#### [Problem requirements]
Each line from the one that includes "else if t = n" to the last line of the data below should be set down exactly; no other lines are wanted.

Dataset records Start Marker

section \<open>The prism and its 3-edge-colouring\<close>

text \<open>The prism has top vertices t and bottom vertices n + t for t < n. Colour c matches a vertex
  with its neighbour on the same n-cycle given by cycle_partner, or along the rung if there is none:
  colour 1 uses {0,1}, {2,3}, ..., {n-3,n-2} and the rung at n - 1, colour 2 uses {1,2}, ...,
  {n-2,n-1} and the rung at 0, colour 3 uses {n-1,0} and all other rungs.\<close>

definition cycle_partner :: "nat \<Rightarrow> nat \<Rightarrow> nat \<Rightarrow> nat option" where
  "cycle_partner n c t =
    (if c = 1 then (if t = n - 1 then None else if even t then Some (t + 1) else Some (t - 1))
     else if c = 2 then (if t = 0 then None else if odd t then Some (t + 1) else Some (t - 1))
     else if t = n - 1 then Some 0 else if t = 0 then Some (n - 1) else None)"

definition prism_colouring :: "nat \<Rightarrow> nat \<Rightarrow> nat \<Rightarrow> nat" where
  "prism_colouring n c a =
    (if a < n then (case cycle_partner n c a of None \<Rightarrow> n + a | Some s \<Rightarrow> s)
     else (case cycle_partner n c (a - n) of None \<Rightarrow> a - n | Some s \<Rightarrow> n + s))"

definition prism_edges :: "nat \<Rightarrow> nat set set" where
  "prism_edges n = {{t, Suc t mod n} | t. t < n} \<union> {{n + t, n + Suc t mod n} | t. t < n}
                    \<union> {{t, n + t} | t. t < n}"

Dataset records End Marker

#### [Exercise result]
     else if t = n - 1 then Some 0 else if t = 0 then Some (n - 1) else None)"

definition prism_colouring :: "nat \<Rightarrow> nat \<Rightarrow> nat \<Rightarrow> nat" where
  "prism_colouring n c a =
    (if a < n then (case cycle_partner n c a of None \<Rightarrow> n + a | Some s \<Rightarrow> s)
     else (case cycle_partner n c (a - n) of None \<Rightarrow> a - n | Some s \<Rightarrow> n + s))"

definition prism_edges :: "nat \<Rightarrow> nat set set" where
  "prism_edges n = {{t, Suc t mod n} | t. t < n} \<union> {{n + t, n + Suc t mod n} | t. t < n}
                    \<union> {{t, n + t} | t. t < n}"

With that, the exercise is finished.